Ha evidenziato Umberto Volpe, direttore della Dgts:
Obiettivo primario dell’iniziativa è contribuire a riannodare il rapporto di fiducia del territorio con lo Stato. Ancora una volta, insieme alle associazioni
presenti sul territorio che operano quotidianamente per migliorare e rilanciare il quartiere, lavoreremo accanto ai ragazzi, provando a convogliare le loro energie e ad avvicinarli alle Istituzioni attraverso un
percorso formativo che, partendo dal tema della sicurezza stradale, possa far comprendere loro l’importanza del rispetto della regola quale strumento a garanzia di ogni convivenza civile.Nella manifestazione di presentazione al teatro Trianon Viviani, i rappresentanti dei soggetti partner del progetto hanno espresso, con grande soddisfazione, i motivi di partecipazione per questa iniziativa di
solidarietà e inclusione sociale.Ha dichiarato Antonio Datri, presidente dell’Unasca:
All’interno delle regole del Codice della Strada creiamo una nuova occasione di riscatto sociale in un quartiere difficile, proseguendo il progetto di innovazione sociale, voluto nel 2019 da Pasquale D’Anzi della Dgts, e condotto assieme alla Città metropolitana, al Terzo settore e ai professionisti della sicurezza stradale: dopo la Sanità e Forcella, continua il nostro contributo per trasmettere il senso della legalità, dando l’occasione di conseguire la patente, uno strumento in più per lavorare.

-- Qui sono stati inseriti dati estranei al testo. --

lemma abs_g_miss_le:
  assumes i: "i \<in> {1..n-1}" and X: "X \<in> obs_space n"
    and lam: "(\<Sum>j\<in>{1..n-1}. \<bar>w j - w (n - 1 + j)\<bar>) \<le> lam"
    and p: "\<forall>j\<in>{1..n}. 0 \<le> p j \<and> p j \<le> pm" and pm: "pm < 1"
  shows "\<bar>g_miss p n i w X\<bar> \<le> 1 / (1 - pm)^2 * exp (lam / (1 - pm))"
proof -
  define v where "v j = w j - w (n - 1 + j)" for j
  define b where "b j = exp (\<bar>v j\<bar> / (1 - pm))" for j
  have in_n: "n \<in> {1..n}" "i \<in> {1..n}" using i by auto
  have pm0: "0 \<le> pm" using p in_n(1) by force
  have t_le: "\<bar>- v j * X n * X j\<bar> \<le> \<bar>v j\<bar>" if "j \<in> {1..n-1}" for j
  proof -
    have "\<bar>X n\<bar> \<le> 1" "\<bar>X j\<bar> \<le> 1" using that abs_le_one_if_obs_space[OF X] by auto
    then have "\<bar>v j\<bar> * \<bar>X n * X j\<bar> \<le> \<bar>v j\<bar>" by (simp add: abs_mult mult_left_le mult_le_one)
    then show ?thesis by (simp add: abs_mult mult.assoc)
  qed
  have factor_n_le: "\<bar>- (X n / (1 - p n))\<bar> \<le> 1 / (1 - pm)"
  proof -
    have "\<bar>1 * X n / (1 - p n)\<bar> \<le> \<bar>1\<bar> / (1 - pm)"
      using abs_le_one_if_obs_space[OF X in_n(1)] p in_n(1) pm
      by (intro abs_mult_div_one_minus_le) auto
    then show ?thesis by simp
  qed
  have factor_i_le: "\<bar>exp (- v i * X n * X i) * X i / (1 - p i)\<bar> \<le> b i / (1 - pm)"
  proof -
    have "exp (- v i * X n * X i) \<le> b i"
      using abs_exp_minus_div_le_exp[of 0 pm, OF _ pm0 pm t_le[OF i]] by (simp add: b_def)
    moreover have "\<bar>exp (- v i * X n * X i) * X i / (1 - p i)\<bar> \<le> \<bar>exp (- v i * X n * X i)\<bar> / (1 - pm)"
      using abs_le_one_if_obs_space[OF X in_n(2)] p in_n(2) pm
      by (intro abs_mult_div_one_minus_le) auto
    ultimately show ?thesis using pm by (simp add: divide_right_mono order_trans)
  qed
  have other_factors_le: "\<bar>\<Prod>j\<in>{1..n-1}-{i}. (exp (- v j * X n * X j) - p j) / (1 - p j)\<bar>
      \<le> (\<Prod>j\<in>{1..n-1}-{i}. b j)"
    unfolding abs_prod
  proof (rule prod_mono)
    fix j assume j: "j \<in> {1..n-1} - {i}"
    hence "0 \<le> p j" "p j \<le> pm" using p by auto
    then show "0 \<le> \<bar>(exp (- v j * X n * X j) - p j) / (1 - p j)\<bar>
        \<and> \<bar>(exp (- v j * X n * X j) - p j) / (1 - p j)\<bar> \<le> b j"
      using abs_exp_minus_div_le_exp[OF _ _ pm t_le] j pm by (simp add: b_def abs_divide)
  qed
  have "\<bar>g_miss p n i w X\<bar> = \<bar>- (X n / (1 - p n))\<bar> * \<bar>exp (- v i * X n * X i) * X i / (1 - p i)\<bar>
      * \<bar>\<Prod>j\<in>{1..n-1}-{i}. (exp (- v j * X n * X j) - p j) / (1 - p j)\<bar>"
    unfolding g_miss_def v_def Let_def by (simp add: abs_mult)
  also have "\<dots> \<le> 1 / (1 - pm) * (b i / (1 - pm)) * (\<Prod>j\<in>{1..n-1}-{i}. b j)"
    using factor_n_le factor_i_le other_factors_le pm by (intro mult_mono) (auto simp: b_def)
  also have "\<dots> = 1 / (1 - pm)^2 * prod b {1..n-1}"
    using i by (simp add: prod.remove power2_eq_square)
  also have "prod b {1..n-1} = exp ((\<Sum>j\<in>{1..n-1}. \<bar>v j\<bar>) / (1 - pm))"
    by (simp add: b_def exp_sum sum_divide_distrib)
  also have "1 / (1 - pm)^2 * \<dots> \<le> 1 / (1 - pm)^2 * exp (lam / (1 - pm))"
    using lam pm by (simp add: v_def divide_right_mono)
  finally show ?thesis .
qed

theorem mainTheorem5:
  fixes A :: "nat \<Rightarrow> nat \<Rightarrow> real" and p :: "nat \<Rightarrow> real"
    and n :: nat and lam :: real
  assumes n2: "n \<ge> 2"
    and symm: "\<forall>i\<in>{1..n}. \<forall>j\<in>{1..n}. A i j = A j i"
    and diag: "\<forall>i\<in>{1..n}. A i i = 0"
    and lam_pos: "lam > 0"
    and p_range: "\<forall>i\<in>{1..n}. 0 \<le> p i \<and> p i < 1"
  shows "(\<forall>w :: nat \<Rightarrow> real. \<forall>k\<in>{1..2*n-1}.
            ((\<lambda>t. S_tilde A n (w(k := t))) has_real_derivative
               miss_expect A p n (\<lambda>X. G_miss p n w X k)) (at (w k)))
       \<and> (\<forall>X\<in>obs_space n. \<forall>w\<in>simplex lam (2*n-1). \<forall>k\<in>{1..2*n-1}.
            \<bar>G_miss p n w X k\<bar> \<le>
              1 / (1 - Max (p ` {1..n}))^2 * exp (lam / (1 - Max (p ` {1..n}))))"
proof (intro conjI ballI allI)
  fix w :: "nat \<Rightarrow> real" and k
  show "((\<lambda>t. S_tilde A n (w(k := t))) has_real_derivative
          miss_expect A p n (\<lambda>X. G_miss p n w X k)) (at (w k))"
    using S_tilde_has_real_derivative miss_expect_G_miss p_range by simp
next
  fix X w k assume X: "X \<in> obs_space n" and w: "w \<in> simplex lam (2*n-1)"
  define pm where "pm = Max (p ` {1..n})"
  have "pm \<in> p ` {1..n}" using n2 unfolding pm_def by (intro Max_in) auto
  hence pm: "pm < 1" using p_range by auto
  have "\<forall>j\<in>{1..n}. 0 \<le> p j \<and> p j \<le> pm" using p_range by (simp add: pm_def)
  then have "\<forall>i\<in>{1..n-1}. \<bar>g_miss p n i w X\<bar> \<le> 1 / (1 - pm)^2 * exp (lam / (1 - pm))"
    using abs_g_miss_le[OF _ X sum_abs_diff_le_if_simplex[OF w] _ pm] by blast
  then show "\<bar>G_miss p n w X k\<bar> \<le> 1 / (1 - Max (p ` {1..n}))^2 * exp (lam / (1 - Max (p ` {1..n})))"
    unfolding pm_def[symmetric] by (rule abs_G_miss_le) simp
qed

end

Per Paolo Colangelo, presidente della Confarca:
aderiamo sempre con grande entusiasmo a queste importanti iniziative sulla sicurezza stradale patrocinate dalla Dgts: saremo impegnati nel far conseguire la patente a persone con difficoltà economica non solo perché l’autonomia di poter effettuare spostamenti sarà di aiuto a coloro che ne beneficeranno, di accedere più facilmente al mondo del lavoro, ma anche perché lo faranno, “guidati” con l’attenzione alla massima sicurezza sulle nostre strade.
Affermano il presidente Giovanni Pinto e il direttore artistico Marisa Laurito, testimonial di Guida bene in piazza Mercato:
Dopo l’edizione di successo dedicata a Forcella la fondazione Trianon Viviani partecipa con slancio al rilancio di questa iniziativa della Dgts, che in questa edizione è dedicata allo storico quartiere vicino di piazza Mercato: il teatro della Canzone napoletana offre il proprio contributo per l’inclusione sociale e la diffusione della cultura della legalità collegata al rispetto delle regole, in linea con la propria missione statutaria.

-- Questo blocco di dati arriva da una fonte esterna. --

(* Let $X$ be a compact metric space of negative type. Then the bilinear form $\langle\cdot,\cdot\rangle_{\mathscr{W}}$ is positive definite on the whole space $\mathscr{M}(X)$ of finite signed Borel measures on $X$: for every $\mu\in\mathscr{M}(X)$, $\langle\mu,\mu\rangle_{\mathscr{W}}\ge 0$, with equality only if $\mu=0$.
   Context: A metric space $(X,d)$ is of negative type if the metric space $(X,\sqrt{d})$ admits an isometric embedding into a (real) Hilbert space. The similarity kernel is $Z(x,y)=e^{-d(x,y)}$, and for finite signed Borel measures $\mu,\nu$ on $X$, $\langle \mu,\nu\rangle_{\mathscr{W}} = \int_X\int_X e^{-d(x,y)}\,\mu(dx)\,\nu(dy)$. *)

theory Defs
  imports "HOL-Analysis.Analysis"
begin

definition W_inner :: "'a::metric_space measure \<Rightarrow> 'a measure \<Rightarrow> real" where
  "W_inner M N = (\<integral>x. (\<integral>y. exp (- dist x y) \<partial>N) \<partial>M)"

text \<open>A finite signed Borel measure is represented as a difference M1 - M2 of two finite
  (positive) Borel measures (Jordan decomposition). By bilinearity,
  W(M1 - M2, M1 - M2) is given as follows.\<close>
definition W_signed_sq :: "'a::metric_space measure \<Rightarrow> 'a measure \<Rightarrow> real" where
  "W_signed_sq M1 M2 = W_inner M1 M1 - W_inner M1 M2 - W_inner M2 M1 + W_inner M2 M2"

end

theory Submission
  imports Defs
begin
(* Take $\mathcal{R}=\mathsf{Comp}$ (computable partial functionals on Baire space). There exists an SCI problem $\mathcal{P}=(\Xi,\Omega,(\mathcal{M},d),\Lambda)$ with countable $\Lambda$ satisfying consistency, together with a fixed representation $\delta_\mathcal{M}$ of $\mathcal{M}$, such that: (1) there are maps $\Gamma_n,\Gamma_{n,m}:\Omega\to\mathcal{M}$ ($n,m\in\mathbb{N}$) with $\Xi(A)=\lim_{n\to\infty}\Gamma_n(A)$ and $\Gamma_n(A)=\lim_{m\to\infty}\Gamma_{n,m}(A)$ for all $A\in\Omega$ (limits in $d$), where every deepest map $\Gamma_{n,m}$ is a computable (i.e. computably realizable from names of $\mathrm{Ev}_\Lambda(A)$ to names of $\Gamma_{n,m}(A)$) general algorithm; (2) every $\Gamma_{n,m}$ is in fact a fixed-query computable general algorithm; (3) no $\Gamma_n$ is a general algorithm; (4) nevertheless there is no computable $K:\subseteq\mathbb{N}^\mathbb{N}\to\mathbb{N}^\mathbb{N}$ with $\lim^{(2)}\circ K\preceq\widehat\Xi$.
   Context: Consistency: $\Xi(A)\neq\Xi(B)$ implies $f(A)\neq f(B)$ for some $f\in\Lambda$. A general algorithm is $\Gamma:\Omega\to\mathcal{M}$ with a query map $\Lambda_\Gamma$ assigning finite nonempty subsets of $\Lambda$, such that if $f(B)=f(A)$ for all $f\in\Lambda_\Gamma(A)$ then $\Gamma(B)=\Gamma(A)$ and $\Lambda_\Gamma(B)=\Lambda_\Gamma(A)$; it is fixed-query if $\Lambda_\Gamma$ is constant. With $\Lambda=\{f_n\}_n$, $\mathrm{Ev}_\Lambda(A)=(f_n(A))_n$, $I_\Lambda=\mathrm{Ev}_\Lambda(\Omega)\subseteq\mathbb{C}^\mathbb{N}$ carries the subspace representation $\delta_{I_\Lambda}$ of the product of Cauchy representations, and $\widehat\Xi:I_\Lambda\to\mathcal{M}$ is the unique map with $\widehat\Xi\circ\mathrm{Ev}_\Lambda=\Xi$. $\lim$ is the limit operator on Baire space (columnwise limits of eventually constant columns via a computable pairing of $\mathbb{N}^2$), $\lim^{(2)}=\lim\circ\lim$. $\lim^{(2)}\circ K\preceq\widehat\Xi$ means: for every $p\in\mathrm{dom}(\delta_{I_\Lambda})$, $K(p)\in\mathrm{dom}(\lim^{(2)})$ and $\delta_\mathcal{M}(\lim^{(2)}(K(p)))=\widehat\Xi(\delta_{I_\Lambda}(p))$. *)

theory Defs
  imports Complex_Main "HOL-Library.Nat_Bijection" "HOL-Library.FuncSet"
begin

Dichiara il presidente Gianfranco Wurzburger:
Per l’Asso.Gio.Ca., l’associazione nata nel 1997 che si occupa di minori e giovani a rischio, l’educazione stradale non deve essere esclusivamente considerata come conoscenza tecnica o addestramento, ma anche come un’attività educativa rivolta ai ragazzi di insegnamento dell’importanza delle regole.
Conclude Antonio Alfano, vicepresidente della Fccsn:
Guida bene in piazza Mercato sarà una opportunità con cui i fermenti positivi di questa “periferia” nel Centro di Napoli avranno modo di dimostrare l’ansia che ha questa vasta area, che tanto ha contribuito alla storia, alla cultura e all’economia della città, di tornare ai livelli storici e rilanciarli in nuove prospettive.